I have the paperwork prepared to set up the non-profit and local licensing, I am holding off until the end of the month in hopes of getting some members to act as interim officers. One of the reasons I have set the initial dues at $10.00 per year is because there are so many drivers that are having financial difficulty that we do not want to overburden them, plus if every one of the 162,000 drivers nation-wide paid $10.00 in dues we would have a lot of money. Our biggest expense will be legal fees to have an attorney available in almost every city were service to do whatever legal action we require to make things happen, but we are nowhere near that stage yet. We have a bit of work to do before that stage. While I am not too keen on paying to set this up myself, I see the need to do so. But unlike your friend that ran the taxi association, I have no desire for this to be "my" association, this will be "our" association, run by some of you representing all of us. You say you are interested in being part of it, please go to http://rideassociation.wordpress.com and join. By the end of this week I will start things rolling and will be asking for interim officers to volunteer. It is up to you if you want too be nominated for an officer position, which you can have an automatic nomination to the position you hold as the party in office anyway. I am sorry if this is confusing, I am trying to hurry as tomorrow id bulk pickup garbage day and my significant other is trying to make me get more of the work done before midnight. I am trying to avoid her but I cannot run and type at the same time . .. Please join the Association. Then give me a few more days to set us up to start business. I will start discussion with those that have joined hopefully by this weekend.


----------



## UberTaxPro (Oct 3, 2014)

Rich Brunelle said:


> I have the paperwork prepared to set up the non-profit and local licensing, I am holding off until the end of the month in hopes of getting some members to act as interim officers. One of the reasons I have set the initial dues at $10.00 per year is because there are so many drivers that are having financial difficulty that we do not want to overburden them, plus if every one of the 162,000 drivers nation-wide paid $10.00 in dues we would have a lot of money. Our biggest expense will be legal fees to have an attorney available in almost every city were service to do whatever legal action we require to make things happen, but we are nowhere near that stage yet. We have a bit of work to do before that stage. While I am not too keen on paying to set this up myself, I see the need to do so. But unlike your friend that ran the taxi association, I have no desire for this to be "my" association, this will be "our" association, run by some of you representing all of us. You say you are interested in being part of it, please go to http://rideassociation.wordpress.com and join. By the end of this week I will start things rolling and will be asking for interim officers to volunteer. It is up to you if you want too be nominated for an officer position, which you can have an automatic nomination to the position you hold as the party in office anyway. I am sorry if this is confusing, I am trying to hurry as tomorrow id bulk pickup garbage day and my significant other is trying to make me get more of the work done before midnight. I am trying to avoid her but I cannot run and type at the same time . .. Please join the Association. Then give me a few more days to set us up to start business. I will start discussion with those that have joined hopefully by this weekend.

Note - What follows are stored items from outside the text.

section \<open>Linear convergence of locally contracting iterations\<close>

lemma funpow_contraction:
  fixes F :: "'a::real_normed_vector \<Rightarrow> 'a"
  assumes q: "0 \<le> q" "q \<le> 1"
    and step: "\<And>x. x \<in> M \<Longrightarrow> norm (x - p) < \<delta> \<Longrightarrow> F x \<in> M \<and> norm (F x - p) \<le> q * norm (x - p)"
    and x0: "x0 \<in> M" "norm (x0 - p) < \<delta>"
  shows "(F ^^ k) x0 \<in> M \<and> norm ((F ^^ k) x0 - p) \<le> q ^ k * norm (x0 - p)"
proof (induction k)
  case (Suc k)
  have "q ^ k * norm (x0 - p) \<le> norm (x0 - p)"
    using q by (intro mult_left_le_one_le power_le_one) auto
  then have "norm ((F ^^ k) x0 - p) < \<delta>" using Suc x0 by linarith
  then have "F ((F ^^ k) x0) \<in> M \<and> norm (F ((F ^^ k) x0) - p) \<le> q * norm ((F ^^ k) x0 - p)"
    using step Suc by blast
  moreover have "q * norm ((F ^^ k) x0 - p) \<le> q * (q ^ k * norm (x0 - p))"
    using Suc q by (intro mult_left_mono) auto
  ultimately show ?case by auto
qed (use x0 in simp)

text \<open>The factor \<open>q\<^sub>0\<close>, valid on the larger ball, brings every iterate after a number \<open>K\<close> of steps
  independent of the starting point into the smaller ball on which the sharper factor \<open>q\<close>
  applies; the first \<open>K\<close> steps only cost the constant \<open>(q\<^sub>0/q)\<^sup>K\<close>.\<close>

lemma funpow_two_rate_contraction:
  fixes F :: "'a::real_normed_vector \<Rightarrow> 'a"
  assumes q: "0 < q" "q \<le> q0" "q0 < 1" and \<rho>: "\<rho> > 0" and \<delta>: "\<delta> > 0"
    and step0: "\<And>x. x \<in> M \<Longrightarrow> norm (x - p) < \<delta> \<Longrightarrow> F x \<in> M \<and> norm (F x - p) \<le> q0 * norm (x - p)"
    and step: "\<And>x. x \<in> M \<Longrightarrow> norm (x - p) < \<rho> \<Longrightarrow> F x \<in> M \<and> norm (F x - p) \<le> q * norm (x - p)"
  shows "\<exists>C>0. \<forall>x0\<in>M. norm (x0 - p) < \<delta> \<longrightarrow> (\<forall>k. norm ((F ^^ k) x0 - p) \<le> C * q ^ k * norm (x0 - p))"
proof -
  note iter0 = funpow_contraction[of q0 M p \<delta> F, OF _ _ step0]
  obtain K where K: "q0 ^ K * \<delta> < \<rho>"
    using real_arch_pow_inv[of "\<rho> / \<delta>" q0] \<rho> \<delta> q by (auto simp: pos_less_divide_eq)
  define C where "C = (q0 / q) ^ K"
  have C: "C > 0" "1 \<le> q0 / q" using q unfolding C_def by auto
  have "norm ((F ^^ k) x0 - p) \<le> C * q ^ k * norm (x0 - p)"
    if x0: "x0 \<in> M" "norm (x0 - p) < \<delta>" for x0 k
  proof (cases "k \<le> K")
    case True
    have "norm ((F ^^ k) x0 - p) \<le> q0 ^ k * norm (x0 - p)" using iter0 x0 q by auto
    also have "q0 ^ k = (q0 / q) ^ k * q ^ k" using q by (simp add: power_divide)
    also have "(q0 / q) ^ k \<le> C" unfolding C_def using C True by (intro power_increasing) auto
    finally show ?thesis using q by (simp add: mult_right_mono)
  next
    case False
    then obtain j where k: "k = j + K" by (metis add.commute le_add_diff_inverse nat_le_linear)
    define x1 where "x1 = (F ^^ K) x0"
    have Fk: "(F ^^ k) x0 = (F ^^ j) x1" unfolding k x1_def funpow_add by simp
    have x1: "x1 \<in> M" "norm (x1 - p) \<le> q0 ^ K * norm (x0 - p)"
      using iter0 x0 q unfolding x1_def by auto
    have "q0 ^ K * norm (x0 - p) \<le> q0 ^ K * \<delta>" using x0 q by (intro mult_left_mono) auto
    then have "norm (x1 - p) < \<rho>" using K x1(2) by linarith
    then have "norm ((F ^^ j) x1 - p) \<le> q ^ j * norm (x1 - p)"
      using funpow_contraction[of q M p \<rho> F x1 j] step q x1(1) by auto
    also have "\<dots> \<le> q ^ j * (q0 ^ K * norm (x0 - p))"
      using x1(2) q by (intro mult_left_mono) auto
    also have "q0 ^ K = C * q ^ K" unfolding C_def using q by (simp add: power_divide)
    finally have "norm ((F ^^ j) x1 - p) \<le> C * q ^ (j + K) * norm (x0 - p)"
      by (simp add: power_add algebra_simps)
    then show ?thesis unfolding Fk unfolding k .
  qed
  then show ?thesis using C by blast
qed

lemma local_contraction_linear_convergence:
  fixes F :: "'a::real_normed_vector \<Rightarrow> 'a"
  assumes r: "0 \<le> r" "r < 1"
    and loc: "\<And>\<theta>. \<theta> > 0 \<Longrightarrow> \<exists>\<rho>>0. \<forall>x\<in>M. norm (x - p) < \<rho> \<longrightarrow>
                F x \<in> M \<and> norm (F x - p) \<le> (r + \<theta>) * norm (x - p)"
  shows "\<exists>\<delta>>0. \<forall>\<theta>>0. \<exists>C>0. \<forall>x0\<in>M. norm (x0 - p) < \<delta> \<longrightarrow>
           (\<forall>k. norm ((F ^^ k) x0 - p) \<le> C * (r + \<theta>) ^ k * norm (x0 - p))"
proof -
  define q0 where "q0 = (1 + r) / 2"
  have q0: "r < q0" "q0 < 1" using r unfolding q0_def by auto
  obtain \<delta> where \<delta>: "\<delta> > 0" and step0: "\<forall>x\<in>M. norm (x - p) < \<delta> \<longrightarrow>
      F x \<in> M \<and> norm (F x - p) \<le> q0 * norm (x - p)"
    using loc[of "q0 - r"] q0 by auto
  have "\<exists>C>0. \<forall>x0\<in>M. norm (x0 - p) < \<delta> \<longrightarrow>
      (\<forall>k. norm ((F ^^ k) x0 - p) \<le> C * (r + \<theta>) ^ k * norm (x0 - p))" if "\<theta> > 0" for \<theta>
  proof -
    define q where "q = min (r + \<theta>) q0"
    have q: "r < q" "q \<le> q0" "q \<le> r + \<theta>" using that q0 unfolding q_def by auto
    obtain \<rho> where "\<rho> > 0" and step: "\<forall>x\<in>M. norm (x - p) < \<rho> \<longrightarrow>
        F x \<in> M \<and> norm (F x - p) \<le> q * norm (x - p)"
      using loc[of "q - r"] q by auto
    with funpow_two_rate_contraction[of q q0 \<rho> \<delta> M p F] q q0 r \<delta> step0
    obtain C where "C > 0" and "\<forall>x0\<in>M. norm (x0 - p) < \<delta> \<longrightarrow>
        (\<forall>k. norm ((F ^^ k) x0 - p) \<le> C * q ^ k * norm (x0 - p))"
      by auto
    moreover have "C * q ^ k * norm (x0 - p) \<le> C * (r + \<theta>) ^ k * norm (x0 - p)" for x0 k
      using \<open>C > 0\<close> q r by (intro mult_right_mono mult_left_mono power_mono) auto
    ultimately show ?thesis by (meson order_trans)
  qed
  then show ?thesis using \<delta> by blast
qed

lemma MN_transpose: "P \<in> MN N \<Longrightarrow> transpose P = P"
  unfolding MN_def Hsym_def by auto

lemma MN_idempotent: "P \<in> MN N \<Longrightarrow> P ** P = P"
  unfolding MN_def by auto

lemma idempotent_secant_normal_part_bound:
  fixes P :: "real^'n^'n"
  assumes "P ** P = P"
  shows "\<exists>c>0. \<forall>P'. P' ** P' = P' \<longrightarrow> norm ((P' - P) - PiP P (P' - P)) \<le> c * (norm (P' - P))\<^sup>2"
proof -
  obtain K where K: "K > 0" "\<And>(A::real^'n^'n) (B::real^'n^'n). norm (A ** B) \<le> norm A * norm B * K"
    using bounded_bilinear.pos_bounded[OF bounded_bilinear_matrix_mult] by blast
  define c where "c = K * K * K * ((norm P)\<^sup>2 + (norm (mat 1 - P))\<^sup>2) + 1"
  have c: "c > 0" unfolding c_def using K by (simp add: add_nonneg_pos)
  have sandwich: "norm (U ** (D ** D) ** U) \<le> K * K * K * (norm U)\<^sup>2 * (norm D)\<^sup>2" for U D :: "real^'n^'n"
  proof -
    have "norm (U ** (D ** D) ** U) \<le> norm (U ** (D ** D)) * norm U * K" by (rule K(2))
    also have "\<dots> \<le> (norm U * norm (D ** D) * K) * norm U * K"
      using K by (intro mult_right_mono K(2)) auto
    also have "\<dots> \<le> (norm U * (norm D * norm D * K) * K) * norm U * K"
      using K by (intro mult_right_mono mult_left_mono K(2)) auto
    finally show ?thesis by (simp add: power2_eq_square algebra_simps)
  qed
  have "norm ((P' - P) - PiP P (P' - P)) \<le> c * (norm (P' - P))\<^sup>2" if "P' ** P' = P'" for P'
  proof -
    define D where "D = P' - P"
    have "norm (D - PiP P D) = norm ((mat 1 - P) ** (D ** D) ** (mat 1 - P) - P ** (D ** D) ** P)"
      unfolding D_def using idempotent_secant_normal_part[OF assms that] by simp
    also have "\<dots> \<le> norm ((mat 1 - P) ** (D ** D) ** (mat 1 - P)) + norm (P ** (D ** D) ** P)"
      by (rule norm_triangle_ineq4)
    also have "\<dots> \<le> K * K * K * (norm (mat 1 - P))\<^sup>2 * (norm D)\<^sup>2 + K * K * K * (norm P)\<^sup>2 * (norm D)\<^sup>2"
      by (intro add_mono sandwich)
    also have "\<dots> \<le> c * (norm D)\<^sup>2" unfolding c_def by (simp add: algebra_simps)
    finally show ?thesis unfolding D_def .
  qed
  then show ?thesis using c by blast
qed

locale minimizer_with_retraction =
  fixes E :: "real^'n^'n \<Rightarrow> real"
    and f' :: "real^'n^'n \<Rightarrow> (real^'n^'n) \<Rightarrow>\<^sub>L real"
    and f'' :: "real^'n^'n \<Rightarrow> (real^'n^'n) \<Rightarrow>\<^sub>L ((real^'n^'n) \<Rightarrow>\<^sub>L real)"
    and R :: "real^'n^'n \<Rightarrow> real^'n^'n" and Ps :: "real^'n^'n" and N :: nat
    and \<eta> \<epsilon> \<delta>R CR :: real
  assumes E_deriv: "\<And>x. (E has_derivative blinfun_apply (f' x)) (at x)"
    and E_deriv2: "\<And>x. (f' has_derivative blinfun_apply (f'' x)) (at x)"
    and E_deriv2_cont: "isCont f'' Ps"
    and Ps_in: "Ps \<in> MN N"
    and eta: "\<eta> > 0" and eps: "\<epsilon> > 0"
    and nondeg: "\<And>P. P \<in> MN N \<Longrightarrow> norm (P - Ps) < \<epsilon> \<Longrightarrow> E P \<ge> E Ps + \<eta> * (norm (P - Ps))\<^sup>2"
    and dR: "\<delta>R > 0" and CR: "CR \<ge> 0"
    and retraction: "\<And>P X. P \<in> MN N \<Longrightarrow> X \<in> Hsym \<Longrightarrow> norm X < \<delta>R \<Longrightarrow>
        R (P + X) \<in> MN N \<and> norm (R (P + X) - (P + PiP P X)) \<le> CR * (norm X)\<^sup>2"
begin

abbreviation "G \<equiv> gradH E Ps"
abbreviation "Hs \<equiv> hessH E Ps"
abbreviation "J \<equiv> Jgrad E Ps"
abbreviation "T \<equiv> tangent Ps"

lemma Ps_transpose: "transpose Ps = Ps"
  using MN_transpose[OF Ps_in] .

lemma Ps_idempotent: "Ps ** Ps = Ps"
  using MN_idempotent[OF Ps_in] .

lemma inner_G: "transpose D = D \<Longrightarrow> inner G D = blinfun_apply (f' Ps) D"
  using inner_gradH[of E f' Ps D] E_deriv by blast

lemma retraction_tangent:
  assumes "P \<in> MN N" "X \<in> Hsym" "PiP P X = X" "norm X < \<delta>R"
  shows "R (P + X) \<in> MN N \<and> norm (R (P + X) - (P + X)) \<le> CR * (norm X)\<^sup>2"
  using retraction[OF assms(1,2,4)] assms(3) by simp

lemma retraction_curve:
  assumes X: "X \<in> T" and t: "0 < t" "t * norm X < \<delta>R"
  shows "R (Ps + t *\<^sub>R X) \<in> MN N \<and> norm ((R (Ps + t *\<^sub>R X) - Ps) /\<^sub>R t - X) \<le> CR * t * (norm X)\<^sup>2"
proof -
  have "t *\<^sub>R X \<in> Hsym" using tangent_transpose[OF X] unfolding Hsym_def by (simp add: transpose_scalar)
  moreover have "PiP Ps (t *\<^sub>R X) = t *\<^sub>R X"
    using PiP_tangent[OF X] by (simp add: linear_simps(5)[OF bounded_linear_PiP])
  ultimately have step: "R (Ps + t *\<^sub>R X) \<in> MN N"
    "norm (R (Ps + t *\<^sub>R X) - (Ps + t *\<^sub>R X)) \<le> CR * (t * norm X)\<^sup>2"
    using retraction_tangent[OF Ps_in, of "t *\<^sub>R X"] t by simp_all
  define v where "v = R (Ps + t *\<^sub>R X) - (Ps + t *\<^sub>R X)"
  have "(R (Ps + t *\<^sub>R X) - Ps) /\<^sub>R t - X = inverse t *\<^sub>R v"
    using t unfolding v_def by (simp add: scaleR_diff_right scaleR_add_right)
  then have "norm ((R (Ps + t *\<^sub>R X) - Ps) /\<^sub>R t - X) = norm v / t"
    using t by (simp add: divide_inverse mult.commute)
  also have "\<dots> \<le> CR * t * (norm X)\<^sup>2"
    using step(2) t unfolding v_def by (simp add: pos_divide_le_eq power2_eq_square mult_ac)
  finally show ?thesis using step(1) by simp
qed

lemma tangent_curve:
  assumes X: "X \<in> T"
  shows "\<forall>\<^sub>F t in at_right 0. R (Ps + t *\<^sub>R X) \<in> MN N"
    and "((\<lambda>t. (R (Ps + t *\<^sub>R X) - Ps) /\<^sub>R t) \<longlongrightarrow> X) (at_right 0)"
    and "((\<lambda>t. R (Ps + t *\<^sub>R X) - Ps) \<longlongrightarrow> 0) (at_right 0)"
proof -
  have "((\<lambda>t. t * norm X) \<longlongrightarrow> 0) (at_right 0)"
    by (rule tendsto_mult_left_zero[OF tendsto_ident_at])
  then have "\<forall>\<^sub>F t in at_right 0. t * norm X < \<delta>R" using dR by (rule order_tendstoD)
  then have ev: "\<forall>\<^sub>F t in at_right 0. R (Ps + t *\<^sub>R X) \<in> MN N
      \<and> norm ((R (Ps + t *\<^sub>R X) - Ps) /\<^sub>R t - X) \<le> CR * t * (norm X)\<^sup>2"
    using eventually_at_right_less[of 0] by eventually_elim (use retraction_curve[OF X] in auto)
  then show "\<forall>\<^sub>F t in at_right 0. R (Ps + t *\<^sub>R X) \<in> MN N" by (rule eventually_mono) auto
  from ev have "\<forall>\<^sub>F t in at_right 0. norm ((R (Ps + t *\<^sub>R X) - Ps) /\<^sub>R t - X) \<le> CR * t * (norm X)\<^sup>2"
    by (rule eventually_mono) simp
  moreover have "((\<lambda>t. CR * t * (norm X)\<^sup>2) \<longlongrightarrow> 0) (at_right 0)"
    by (intro tendsto_mult_left_zero tendsto_mult_right_zero tendsto_ident_at)
  ultimately have "((\<lambda>t. (R (Ps + t *\<^sub>R X) - Ps) /\<^sub>R t - X) \<longlongrightarrow> 0) (at_right 0)"
    by (rule Lim_null_comparison)
  then show secant: "((\<lambda>t. (R (Ps + t *\<^sub>R X) - Ps) /\<^sub>R t) \<longlongrightarrow> X) (at_right 0)"
    by (rule LIM_zero_cancel)
  have "((\<lambda>t. t *\<^sub>R ((R (Ps + t *\<^sub>R X) - Ps) /\<^sub>R t)) \<longlongrightarrow> 0 *\<^sub>R X) (at_right 0)"
    by (intro tendsto_scaleR secant tendsto_ident_at)
  then show "((\<lambda>t. R (Ps + t *\<^sub>R X) - Ps) \<longlongrightarrow> 0) (at_right 0)"
    unfolding scaleR_zero_left by (rule Lim_transform_eventually)
       (use eventually_at_right_less[of 0] in \<open>eventually_elim, simp\<close>)
qed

I've already joined....couple of days ago...my name is Bill...Get that garbage out!


----------



## Rich Brunelle (Jan 15, 2015)

UberTaxPro said:


> I've already joined....couple of days ago...my name is Bill...Get that garbage out!


Almost done with the garbage, it will wait until morning now. no sense waking the neighbors. Bill M? good to see you on board


----------



## UberTaxPro (Oct 3, 2014)

Rich Brunelle said:


> Almost done with the garbage, it will wait until morning now. no sense waking the neighbors. Bill M? good to see you on board


yes


----------



## Rich Brunelle (Jan 15, 2015)

Still looking for more members. Wouldn't it be nice if we had a representative that could talk with Uber and tell them that something is not working out and attempt to resolve the matter rather than playing the guarantees and surges?


----------